There’s an interesting post about XP at Delta’s Hotspot, where he discusses levels and XP and why it’s built that way and whether wizards should require more XP than fighters and how the crap are people still talking about this shite like it’s the fucking Bible? Sure, there’s a lot of discussion about earlier editions of the game, but so often they feel like everyone involved is just nodding their heads, going, “Yeah, good stuff, interesting how they designed that,” and never stopping to say, “You know… when you think about it.” I know this will be shocking to many, but a reality check is part of growing up: Gygax sucked at D&D. Just like Lucas sucks at Star Wars. They both had great ideas with piss-poor execution. The XP tables from OD&D and AD&D are a prime example, and Delta recognizes this in his post:
An open question would be: Why? The fact that Gygax maintained this asynchronicity in both OD&D and AD&D seems to suggest that it was intentional — that Magic-Users were intended to get accelerated advancement compared to Fighters at higher levels. Perhaps this was an amplification of the idea that Magic-Users will be weak at low levels and need assistance, but increasingly more powerful at high levels.
We’ll likely never really know the answer, but one way to look at the question is to consider the cleric’s progression and skill set, as compared to other classes. Clerics have always had it good in early editions of the game. (They had it best in 3rd though you could argue that druids had it even better.) Personally, I suspect it was due to that whole alignment thing. You know, that rules artifact that enabled DMs to dictate a player’s actions because he was a dick… I mean, because the character’s alignment wouldn’t allow it any other way. In a similar way, the relationship between a character and his/her deity seemed to condone the same kind of control dynamic: “God” says you have to do it this way because that’s what your deity wants. Except, you know, the deity doesn’t exist and the DM does so it’s really the DM being a dick. I suspect that Gygax realized, on some level, that DMs were being pricks to the players and he gave clerics an easier progression as a way of saying, “see? It isn’t all that bad,” much like an abusive boyfriend buying his girlfriend flowers after ordering her around…

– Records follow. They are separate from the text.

type_synonym ('s, 'v) config = "(nat \<Rightarrow> 's) \<times> (nat \<Rightarrow> nat \<Rightarrow> 'v option)"

definition initial :: "('a, 's, 'v) protocol \<Rightarrow> (nat \<Rightarrow> 'a) \<Rightarrow> ('s, 'v) config" where
  "initial P inp = ((\<lambda>p. init P p (inp p)),
                    (\<lambda>obj j. if isWRN P obj then None else reginit P obj))"

definition step :: "nat \<Rightarrow> ('a, 's, 'v) protocol \<Rightarrow> ('s, 'v) config \<Rightarrow> nat \<Rightarrow> ('s, 'v) config" where
  "step k P C p =
     (case act P p (fst C p) of
        Decide a \<Rightarrow> C
      | Invoke obj op \<Rightarrow>
          (let (m', r) = apply_op k (isWRN P obj) (snd C obj) op
           in ((fst C)(p := upd P p (fst C p) r), (snd C)(obj := m'))))"

definition exec :: "nat \<Rightarrow> ('a, 's, 'v) protocol \<Rightarrow> (nat \<Rightarrow> 'a) \<Rightarrow> nat list \<Rightarrow> ('s, 'v) config" where
  "exec k P inp xs = foldl (step k P) (initial P inp) xs"

definition decision :: "('a, 's, 'v) protocol \<Rightarrow> ('s, 'v) config \<Rightarrow> nat \<Rightarrow> 'a option" where
  "decision P C p = (case act P p (fst C p) of Decide a \<Rightarrow> Some a | Invoke _ _ \<Rightarrow> None)"

text \<open>Wait-freedom: in every infinite schedule over the n processes (processes that
stop being scheduled have crashed), every process taking infinitely many steps decides.\<close>
definition wait_free :: "nat \<Rightarrow> nat \<Rightarrow> ('a, 's, 'v) protocol \<Rightarrow> (nat \<Rightarrow> 'a) \<Rightarrow> bool" where
  "wait_free k n P inp \<longleftrightarrow>
     (\<forall>\<sigma> :: nat \<Rightarrow> nat. (\<forall>i. \<sigma> i < n) \<longrightarrow>
        (\<forall>p<n. infinite {i. \<sigma> i = p} \<longrightarrow>
           (\<exists>j. decision P (exec k P inp (map \<sigma> [0..<j])) p \<noteq> None)))"

definition solves_consensus :: "nat \<Rightarrow> nat \<Rightarrow> ('a, 's, 'v) protocol \<Rightarrow> bool" where
  "solves_consensus k n P \<longleftrightarrow> well_formed k P \<and>
     (\<forall>inp :: nat \<Rightarrow> 'a.
        wait_free k n P inp \<and>
        (\<forall>xs. set xs \<subseteq> {..<n} \<longrightarrow>
           (\<forall>p<n. \<forall>q<n. \<forall>a b.
              decision P (exec k P inp xs) p = Some a \<longrightarrow>
              decision P (exec k P inp xs) q = Some b \<longrightarrow>
              a = b \<and> (\<exists>r<n. inp r = a))))"

end

theory Submission
  imports Defs
begin

(* A single process simply decides its own input. For two processes we run the valency argument
   of Fischer, Lynch and Paterson. With distinct inputs the empty schedule is bivalent, and since
   wait-freedom excludes an infinite schedule all of whose prefixes are bivalent, there is a
   critical bivalent schedule both of whose one-step extensions are univalent, with opposite
   values. The two pending operations then race: for registers, and for WRN_k with k >= 3, one
   process cannot tell some continuation of the one extension from some continuation of the
   other, and its solo run decides the same value from both -- a contradiction.
   For WRN(i,v) and WRN(j,w) on one object: if i = j the second write hides the first; if j is
   the successor of i, the WRN(j,w) process reads cell j + 1 in either order, and j + 1 differs
   from i exactly because k >= 3; symmetrically if i is the successor of j; otherwise neither
   operation reads the cell the other writes, so they commute. *)

lemma step_Decide: "act P p (fst C p) = Decide a \<Longrightarrow> step k P C p = C"
  by (simp add: step_def)

lemma step_Invoke:
  assumes "act P p (fst C p) = Invoke obj op"
    and "apply_op k (isWRN P obj) (snd C obj) op = (m, r)"
  shows "step k P C p = ((fst C)(p := upd P p (fst C p) r), (snd C)(obj := m))"
  using assms by (simp add: step_def)

lemma step_other_state: "q \<noteq> p \<Longrightarrow> fst (step k P C q) p = fst C p"
  by (auto simp: step_def Let_def split: action.split prod.split)

lemma decision_step:
  assumes "decision P C p = Some a"
  shows "decision P (step k P C q) p = Some a"
proof (cases "q = p")
  case True
  from assms have "act P p (fst C p) = Decide a"
    by (auto simp: decision_def split: action.splits)
  with True assms show ?thesis by (simp add: step_Decide)
next
  case False
  with assms show ?thesis by (simp add: decision_def step_other_state)
qed

lemma decision_foldl_step:
  "decision P C p = Some a \<Longrightarrow> decision P (foldl (step k P) C ys) p = Some a"
  by (induction ys arbitrary: C) (simp_all add: decision_step)

lemma exec_append: "exec k P inp (xs @ ys) = foldl (step k P) (exec k P inp xs) ys"
  by (simp add: exec_def)

lemma decision_exec_append:
  "decision P (exec k P inp xs) p = Some a \<Longrightarrow> decision P (exec k P inp (xs @ ys)) p = Some a"
  by (simp add: exec_append decision_foldl_step)

definition indistinguishable :: "nat \<Rightarrow> ('s, 'v) config \<Rightarrow> ('s, 'v) config \<Rightarrow> bool" where
  "indistinguishable p C D \<longleftrightarrow> fst C p = fst D p \<and> snd C = snd D"

lemma indistinguishable_decision:
  "indistinguishable p C D \<Longrightarrow> decision P C p = decision P D p"
  by (simp add: indistinguishable_def decision_def)

lemma indistinguishable_step:
  assumes "indistinguishable q C D"
  shows "indistinguishable q (step k P C q) (step k P D q)"
proof (cases "act P q (fst C q)")
  case (Decide a)
  with assms show ?thesis
    by (simp add: step_Decide indistinguishable_def)
next
  case (Invoke obj op)
  obtain m r where "apply_op k (isWRN P obj) (snd C obj) op = (m, r)"
    by (cases "apply_op k (isWRN P obj) (snd C obj) op")
  with Invoke assms show ?thesis
    by (simp add: step_Invoke indistinguishable_def)
qed

lemma indistinguishable_solo:
  "indistinguishable q C D \<Longrightarrow>
   indistinguishable q (foldl (step k P) C (replicate m q)) (foldl (step k P) D (replicate m q))"
  by (induction m arbitrary: C D) (simp_all add: indistinguishable_step)

lemma solo_run_decides:
  assumes "wait_free k n P inp" and "set xs \<subseteq> {..<n}" and "p < n"
  shows "\<exists>m a. decision P (exec k P inp (xs @ replicate m p)) p = Some a"
proof -
  define \<sigma> where "\<sigma> i = (if i < length xs then xs ! i else p)" for i
  have "\<forall>i. \<sigma> i < n"
    using assms(2,3) by (auto simp: \<sigma>_def dest: nth_mem)
  moreover have "{length xs..} \<subseteq> {i. \<sigma> i = p}"
    by (auto simp: \<sigma>_def)
  then have "infinite {i. \<sigma> i = p}"
    using infinite_Ici by (rule infinite_super)
  ultimately obtain j a where j: "decision P (exec k P inp (map \<sigma> [0..<j])) p = Some a"
    using assms(1,3) unfolding wait_free_def by blast
  show ?thesis
  proof (cases "j \<le> length xs")
    case True
    then have "map \<sigma> [0..<j] = take j xs"
      by (intro nth_equalityI) (auto simp: \<sigma>_def)
    with j have "decision P (exec k P inp (xs @ replicate 0 p)) p = Some a"
      by (metis append_Nil2 append_take_drop_id decision_exec_append replicate_0)
    then show ?thesis by blast
  next
    case False
    then have "map \<sigma> [0..<j] = xs @ replicate (j - length xs) p"
      by (intro nth_equalityI) (auto simp: \<sigma>_def nth_append)
    with j show ?thesis by metis
  qed
qed

definition valid_op :: "nat \<Rightarrow> bool \<Rightarrow> 'v operation \<Rightarrow> bool" where
  "valid_op k w op \<longleftrightarrow>
     (if w then \<exists>i v. op = WRN i v \<and> i < k else op = Read \<or> (\<exists>v. op = Write v))"

lemma well_formed_valid_op:
  "well_formed k P \<Longrightarrow> act P p s = Invoke obj op \<Longrightarrow> valid_op k (isWRN P obj) op"
  unfolding well_formed_def valid_op_def by blast

lemma Suc_mod_neq_self: "i < k \<Longrightarrow> 2 \<le> k \<Longrightarrow> (i + 1) mod k \<noteq> (i::nat)"
  by (cases "i + 1 = k") auto

lemma Suc_Suc_mod_neq_self: "i < k \<Longrightarrow> 3 \<le> k \<Longrightarrow> ((i + 1) mod k + 1) mod k \<noteq> (i::nat)"
  by (cases "i + 1 = k"; cases "i + 2 = k") auto

text \<open>With process \<open>p\<close> applying \<open>op0\<close> and process \<open>q\<close> applying \<open>op1\<close>, the four disjuncts
  say: \<open>p\<close> cannot tell the order of the two operations; \<open>q\<close> does not see the operation of
  \<open>p\<close>; \<open>p\<close> does not see the operation of \<open>q\<close>; \<open>q\<close> cannot tell the order.\<close>

lemma apply_op_race:
  assumes k: "3 \<le> k" and ops: "valid_op k w op0" "valid_op k w op1"
    and a0: "apply_op k w m op0 = (m0, r0)" and a1: "apply_op k w m op1 = (m1, r1)"
    and a01: "apply_op k w m0 op1 = (m01, r01)" and a10: "apply_op k w m1 op0 = (m10, r10)"
  shows "(r0 = r10 \<and> m01 = m10) \<or> (r01 = r1 \<and> m01 = m1) \<or> (r10 = r0 \<and> m10 = m0) \<or>
         (r01 = r1 \<and> m01 = m10)"
proof (cases w)
  case False
  with ops consider "op0 = Read" | "op1 = Read" | v0 v1 where "op0 = Write v0" "op1 = Write v1"
    by (auto simp: valid_op_def)
  then show ?thesis
    by cases (use False a0 a1 a01 a10 in auto)
next
  case True
  with ops obtain i v j u where ij: "op0 = WRN i v" "i < k" "op1 = WRN j u" "j < k"
    by (auto simp: valid_op_def)
  from True ij a0 a1 a01 a10 have m:
    "m0 = m(i := Some v)" "r0 = m ((i + 1) mod k)" "m1 = m(j := Some u)" "r1 = m ((j + 1) mod k)"
    "m01 = m0(j := Some u)" "r01 = m0 ((j + 1) mod k)" "m10 = m1(i := Some v)" "r10 = m1 ((i + 1) mod k)"
    by auto
  have i: "(i + 1) mod k \<noteq> i" "((i + 1) mod k + 1) mod k \<noteq> i"
    and j: "(j + 1) mod k \<noteq> j" "((j + 1) mod k + 1) mod k \<noteq> j"
    using ij k Suc_mod_neq_self Suc_Suc_mod_neq_self by auto
  consider "i = j" | "j = (i + 1) mod k" | "i = (j + 1) mod k"
    | "i \<noteq> j" "j \<noteq> (i + 1) mod k" "i \<noteq> (j + 1) mod k"
    by blast
  then show ?thesis
  proof cases
    case 1
    with i show ?thesis by (simp add: m)
  next
    case 2
    with i have "i \<noteq> j" "(j + 1) mod k \<noteq> i" by auto
    then show ?thesis by (simp add: m fun_upd_twist)
  next
    case 3
    with j have "i \<noteq> j" "(i + 1) mod k \<noteq> j" by auto
    then show ?thesis by (simp add: m fun_upd_twist)
  next
    case 4
    then show ?thesis by (simp add: m fun_upd_twist)
  qed
qed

So does it follow that clerics should get less XP than fighters or wizards or anyone else? Well, another way to answer the question is the methodology I outlined in my previous post. And, as of right now, I don’t see any reason to discard that process. So let’s apply it to the cleric and see what we get.
To do this, we need to answer a question about spells: what is an individual spell worth in terms of our XP modifier? I posited that we could assign 1/32 of a point to a 1 point to-hit improvement, and using the cumulative total, to determine the XP modifier for a class’ THAC0 progression. What if we do the same for spells? But there’s a difference with spells, in that once you use one, you can’t get it back until you rest and recover. You can swing your sword all day long; the ability never goes away. Cast a spell, though, and you can’t cast it again until the next day. This isn’t a bad thing in terms of balance or mechanics. Spells are game-changers. They literally reshape the world around your character, allowing you to dictate how physics and the laws of the universe should function. So if we’re going to compare a single spell to a single to-hit bonus, we need to remember that as a spell’s level increases, so to does your ability to control the world. Fortunately, the numbers are already there: a single spell slot is worth 1/32 of the spell’s level. So, for example, a 4th-level spell is worth 4/32, or 1/8 of a point. And, like with THAC0, we keep a cumulative total.
Damn. Looks like giving spells to the cleric very nearly equals the entire skill set of the fighter. Now let’s compare the other skills:
- d8 hit points per level (up to 9th) (+2)
- +2 hit points per level (after 9th) (+0.25)
- Good THAC0 progression (2 points ever 3 levels) (+2)
- Armor proficiency (all types) (+1)
- Shield proficiency (+0.5)
- 2 weapon proficiencies (at 1st level) (+0.2)
- +5 weapon proficiencies (by 20th level) (+0.5)
- -3 non-proficiency penalty (+0.125)
- Turn Undead (+1)
- Good saving throw progression (best right behind the fighter’s) (+2)
This gives us a total XP modifier of 22.575, which produces an XP chart like this:
Well, would you look at that? Seems all the critics have been right this entire time: if you stack the cleric against the fighter, using the same standard to measure their power, you find that the cleric is much more powerful than the fighter. Maybe it should take more XP to level…? Almost like there was a good idea somewhere in the beginning of the game, but its creator didn’t realize it…
(I hope I’ve impressed upon the reader that this is all a work in progress. None of these figures are definitive until such time that the DM says, “This is good,” and introduces it to the players. What I hope you take away from this is that it’s possible and desirable to create a rational process, a methodology, or even an overall paradigm, that presents a consistent, applicable and knowable rule set to the players. Your game will be all the better for it.)